┌────────

text \<open>
  Each event changes every coordinate of \<open>V, A, L, C\<close> by at most \<open>2/N\<close>, and \<open>N \<cdot> W\<^sup>N(t)\<close>
  counts the events up to time \<open>t\<close>. So for \<open>\<omega> \<in> C\<close> all coordinates of \<open>X\<^sup>N\<close> are bounded
  on \<open>[0,T]\<close> uniformly in \<open>N\<close>, and \<open>2(1+\<lambda>)\<close>-Lipschitz up to an additive error
  \<open>4 sup\<^sub>t |W\<^sup>N(t) - (1+\<lambda>)t|\<close> that vanishes as \<open>N \<rightarrow> \<infinity>\<close>. A diagonal argument over the
  countably many coordinates and the grid points \<open>kT/(M+1)\<close> gives a subsequence converging
  on the grid; the vanishing Lipschitz defect upgrades this to uniform convergence on
  \<open>[0,T]\<close> with \<open>2(1+\<lambda>)\<close>-Lipschitz limits. Since the weights \<open>2^-i\<close> make the tail of
  the weighted norm uniformly small, coordinatewise uniform convergence yields convergence
  in \<open>dZ\<close>.
\<close>

lemma bounded_family_convergent_subseq:
  fixes x :: "'i::countable \<Rightarrow> nat \<Rightarrow> real"
  assumes "\<And>i. bounded (range (x i))"
  shows "\<exists>s. strict_mono s \<and> (\<forall>i. convergent (\<lambda>n. x i (s n)))"
proof -
  interpret subseqs "\<lambda>m r. convergent (\<lambda>n. x (from_nat m) (r n))"
  proof
    fix m and s :: "nat \<Rightarrow> nat"
    assume "strict_mono s"
    have "bounded (range (\<lambda>n. x (from_nat m) (s n)))"
      using assms by (rule bounded_subset) auto
    then obtain l r where "strict_mono r" "((\<lambda>n. x (from_nat m) (s n)) \<circ> r) \<longlonglongrightarrow> l"
      using bounded_imp_convergent_subsequence by blast
    then show "\<exists>r. strict_mono r \<and> convergent (\<lambda>n. x (from_nat m) ((s \<circ> r) n))"
      by (auto simp: convergent_def o_def)
  qed
  have "convergent (\<lambda>n. x (from_nat m) (diagseq n))" for m
  proof -
    have "convergent (\<lambda>n. x (from_nat m) ((diagseq \<circ> (+) (Suc m)) n))"
      by (rule diagseq_holds) (auto dest: convergent_subseq_convergent simp: o_def)
    then have "convergent (\<lambda>n. x (from_nat m) (diagseq (n + Suc m)))"
      by (simp add: o_def add.commute)
    then show ?thesis
      by (rule convergent_ignore_initial_segment[THEN iffD1])
  qed
  then have "convergent (\<lambda>n. x i (diagseq n))" for i
    by (metis from_nat_to_nat)
  then show ?thesis
    using subseq_diagseq by blast
qed

lemma grid_point_near:
  assumes "0 < T" "t \<in> {0..T}"
  obtains k where "k \<le> Suc M" "\<bar>t - real k * T / real (Suc M)\<bar> \<le> T / real (Suc M)"
proof -
  define z where "z = t * real (Suc M) / T"
  have "t * real (Suc M) \<le> T * real (Suc M)"
    using assms by (intro mult_right_mono) auto
  then have z: "0 \<le> z" "z \<le> real (Suc M)" "t = z * (T / real (Suc M))"
    using assms by (auto simp: z_def pos_divide_le_eq)
  define k where "k = nat \<lfloor>z\<rfloor>"
  have k: "real k \<le> z" "z < real k + 1"
    using z by (auto simp: k_def)
  have "\<bar>t - real k * T / real (Suc M)\<bar> = \<bar>z - real k\<bar> * (T / real (Suc M))"
  proof -
    have "t - real k * T / real (Suc M) = (z - real k) * (T / real (Suc M))"
      by (simp add: z(3) left_diff_distrib diff_divide_distrib)
    then show ?thesis
      using assms by (simp add: abs_mult)
  qed
  also have "\<dots> \<le> T / real (Suc M)"
    using k assms by (intro mult_left_le_one_le) auto
  finally have "\<bar>t - real k * T / real (Suc M)\<bar> \<le> T / real (Suc M)" .
  moreover have "k \<le> Suc M"
    using k z by linarith
  ultimately show thesis
    using that by blast
qed

lemma grid_point_mem:
  assumes "0 < T" "k \<le> Suc M"
  shows "real k * T / real (Suc M) \<in> {0..T}"
proof -
  have "real k * T \<le> real (Suc M) * T"
    using assms by (intro mult_right_mono) auto
  then show ?thesis
    using assms by (auto simp: pos_divide_le_eq)
qed

lemma lipschitz_on_limit:
  fixes f :: "nat \<Rightarrow> 'a::metric_space \<Rightarrow> real"
  assumes "0 \<le> K" "e \<longlonglongrightarrow> 0"
    and "\<And>n x y. x \<in> S \<Longrightarrow> y \<in> S \<Longrightarrow> \<bar>f n x - f n y\<bar> \<le> K * dist x y + e n"
    and "\<And>x. x \<in> S \<Longrightarrow> (\<lambda>n. f n x) \<longlonglongrightarrow> g x"
  shows "K-lipschitz_on S g"
proof (rule lipschitz_onI)
  fix x y assume xy: "x \<in> S" "y \<in> S"
  have "(\<lambda>n. \<bar>f n x - f n y\<bar>) \<longlonglongrightarrow> \<bar>g x - g y\<bar>"
    by (intro tendsto_intros assms(4) xy)
  moreover have "(\<lambda>n. K * dist x y + e n) \<longlonglongrightarrow> K * dist x y"
    using tendsto_add[OF tendsto_const assms(2)] by simp
  ultimately show "dist (g x) (g y) \<le> K * dist x y"
    unfolding dist_real_def by (rule LIMSEQ_le) (use assms(3) xy in auto)
qed (fact assms(1))

lemma uniformly_Cauchy_on_if_grid_convergent:
  fixes f :: "nat \<Rightarrow> real \<Rightarrow> real"
  assumes T: "0 < T" and e: "e \<longlonglongrightarrow> 0"
    and lip: "\<And>n x y. x \<in> {0..T} \<Longrightarrow> y \<in> {0..T} \<Longrightarrow> \<bar>f n x - f n y\<bar> \<le> K * \<bar>x - y\<bar> + e n"
    and grid: "\<And>M k. k \<le> Suc M \<Longrightarrow> convergent (\<lambda>n. f n (real k * T / real (Suc M)))"
  shows "uniformly_Cauchy_on {0..T} f"
proof (rule uniformly_Cauchy_onI)
  fix \<epsilon> :: real
  assume "0 < \<epsilon>"
  have "(\<lambda>M. \<bar>K\<bar> * (T / real (Suc M))) \<longlonglongrightarrow> 0"
    by (intro tendsto_mult_right_zero LIMSEQ_Suc lim_const_over_n)
  then have "\<forall>\<^sub>F M in sequentially. \<bar>K\<bar> * (T / real (Suc M)) < \<epsilon> / 5"
    by (rule order_tendstoD(2)) (use \<open>0 < \<epsilon>\<close> in simp)
  then obtain M where M: "\<bar>K\<bar> * (T / real (Suc M)) < \<epsilon> / 5"
    unfolding eventually_sequentially by blast
  define p where "p k = real k * T / real (Suc M)" for k
  have p: "p k \<in> {0..T}" if "k \<le> Suc M" for k
    unfolding p_def using T that by (rule grid_point_mem)
  define L where "L k = lim (\<lambda>n. f n (p k))" for k
  have "\<forall>k\<in>{..Suc M}. \<forall>\<^sub>F n in sequentially. \<bar>f n (p k) - L k\<bar> < \<epsilon> / 10"
  proof
    fix k
    assume "k \<in> {..Suc M}"
    then have "(\<lambda>n. f n (p k)) \<longlonglongrightarrow> L k"
      using grid by (simp add: L_def p_def convergent_LIMSEQ_iff)
    then show "\<forall>\<^sub>F n in sequentially. \<bar>f n (p k) - L k\<bar> < \<epsilon> / 10"
      using \<open>0 < \<epsilon>\<close> by (auto dest!: tendstoD[of _ _ _ "\<epsilon> / 10"] simp: dist_real_def)
  qed
  then have "\<forall>\<^sub>F n in sequentially. (\<forall>k\<in>{..Suc M}. \<bar>f n (p k) - L k\<bar> < \<epsilon> / 10) \<and> e n < \<epsilon> / 5"
    using \<open>0 < \<epsilon>\<close> by (intro eventually_conj eventually_ball_finite order_tendstoD(2)[OF e]) auto
  then obtain N where N: "\<And>n. N \<le> n \<Longrightarrow> (\<forall>k\<le>Suc M. \<bar>f n (p k) - L k\<bar> < \<epsilon> / 10) \<and> e n < \<epsilon> / 5"
    by (auto simp: eventually_sequentially)
  have "dist (f m t) (f n t) < \<epsilon>" if "t \<in> {0..T}" "N \<le> m" "N \<le> n" for t m n
  proof -
    obtain k where k: "k \<le> Suc M" "\<bar>t - p k\<bar> \<le> T / real (Suc M)"
      using grid_point_near[OF T \<open>t \<in> {0..T}\<close>] unfolding p_def by blast
    have "K * \<bar>t - p k\<bar> \<le> \<bar>K\<bar> * (T / real (Suc M))"
      using k(2) by (metis abs_ge_zero abs_ge_self mult_mono order_trans)
    moreover have "\<bar>f m (p k) - L k\<bar> < \<epsilon> / 10" "\<bar>f n (p k) - L k\<bar> < \<epsilon> / 10"
      "e m < \<epsilon> / 5" "e n < \<epsilon> / 5"
      using N[OF \<open>N \<le> m\<close>] N[OF \<open>N \<le> n\<close>] k(1) by auto
    ultimately show ?thesis
      using lip[OF \<open>t \<in> {0..T}\<close> p[OF k(1)], of m] lip[OF \<open>t \<in> {0..T}\<close> p[OF k(1)], of n] M
      unfolding dist_real_def by linarith
  qed
  then show "\<exists>N. \<forall>t\<in>{0..T}. \<forall>m\<ge>N. \<forall>n\<ge>N. dist (f m t) (f n t) < \<epsilon>"
    by blast
qed

lemma asymptotically_lipschitz_convergent_subseq:
  fixes f :: "nat \<Rightarrow> 'i::countable \<Rightarrow> real \<Rightarrow> real"
  assumes T: "0 < T" and K: "0 \<le> K" and e: "e \<longlonglongrightarrow> 0"
    and bound: "\<And>n i t. t \<in> {0..T} \<Longrightarrow> \<bar>f n i t\<bar> \<le> B"
    and lip: "\<And>n i x y. x \<in> {0..T} \<Longrightarrow> y \<in> {0..T} \<Longrightarrow> \<bar>f n i x - f n i y\<bar> \<le> K * \<bar>x - y\<bar> + e n"
  obtains s g where "strict_mono s"
    and "\<And>i. uniform_limit {0..T} (\<lambda>n. f (s n) i) (g i) sequentially"
    and "\<And>i. K-lipschitz_on {0..T} (g i)"
    and "\<And>i t. t \<in> {0..T} \<Longrightarrow> \<bar>g i t\<bar> \<le> B"
proof -
  define grid where "grid M k = min T (real k * T / real (Suc M))" for M k :: nat
  have "grid M k \<in> {0..T}" for M k
    using T by (simp add: grid_def)
  then have "bounded (range (\<lambda>n. f n i (grid M k)))" for i M k
    using bound unfolding bounded_real by blast
  then obtain s where s: "strict_mono s"
    and s_conv: "\<And>i M k. convergent (\<lambda>n. f (s n) i (grid M k))"
    using bounded_family_convergent_subseq[of "\<lambda>(i, M, k) n. f n i (grid M k)"] by auto
  define g where "g i t = lim (\<lambda>n. f (s n) i t)" for i t
  have es: "(\<lambda>n. e (s n)) \<longlonglongrightarrow> 0"
    using LIMSEQ_subseq_LIMSEQ[OF e s] by (simp add: o_def)
  have "uniformly_Cauchy_on {0..T} (\<lambda>n. f (s n) i)" for i
  proof (rule uniformly_Cauchy_on_if_grid_convergent[OF T es lip])
    fix M k :: nat
    assume "k \<le> Suc M"
    then have "grid M k = real k * T / real (Suc M)"
      using grid_point_mem[OF T] by (simp add: grid_def)
    then show "convergent (\<lambda>n. f (s n) i (real k * T / real (Suc M)))"
      using s_conv by metis
  qed
  then have lim: "uniform_limit {0..T} (\<lambda>n. f (s n) i) (g i) sequentially" for i
    using Cauchy_uniformly_convergent uniformly_convergent_uniform_limit_iff
    unfolding g_def[abs_def] by blast
  have "K-lipschitz_on {0..T} (g i)" for i
    by (rule lipschitz_on_limit[OF K es, where f = "\<lambda>n. f (s n) i"])
      (use lip tendsto_uniform_limitI[OF lim] in \<open>auto simp: dist_real_def\<close>)
  moreover have "\<bar>g i t\<bar> \<le> B" if "t \<in> {0..T}" for i t
    by (rule LIMSEQ_le_const2[OF tendsto_rabs[OF tendsto_uniform_limitI[OF lim that]]])
      (use bound that in auto)
  ultimately show thesis
    using that s lim by blast
qed

lemma power2_le_if_abs_le: "\<bar>x\<bar> \<le> D \<Longrightarrow> x\<^sup>2 \<le> (D::real)\<^sup>2"
  by (metis abs_ge_zero power2_abs power_mono)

└────────

Work request: Filter the entries down to the lines that include the string "unfolding".

Written reply:
    unfolding dist_real_def by (rule LIMSEQ_le) (use assms(3) xy in auto)
    unfolding eventually_sequentially by blast
    unfolding p_def using T that by (rule grid_point_mem)
      using grid_point_near[OF T \<open>t \<in> {0..T}\<close>] unfolding p_def by blast
      unfolding dist_real_def by linarith
    using bound unfolding bounded_real by blast
    unfolding g_def[abs_def] by blast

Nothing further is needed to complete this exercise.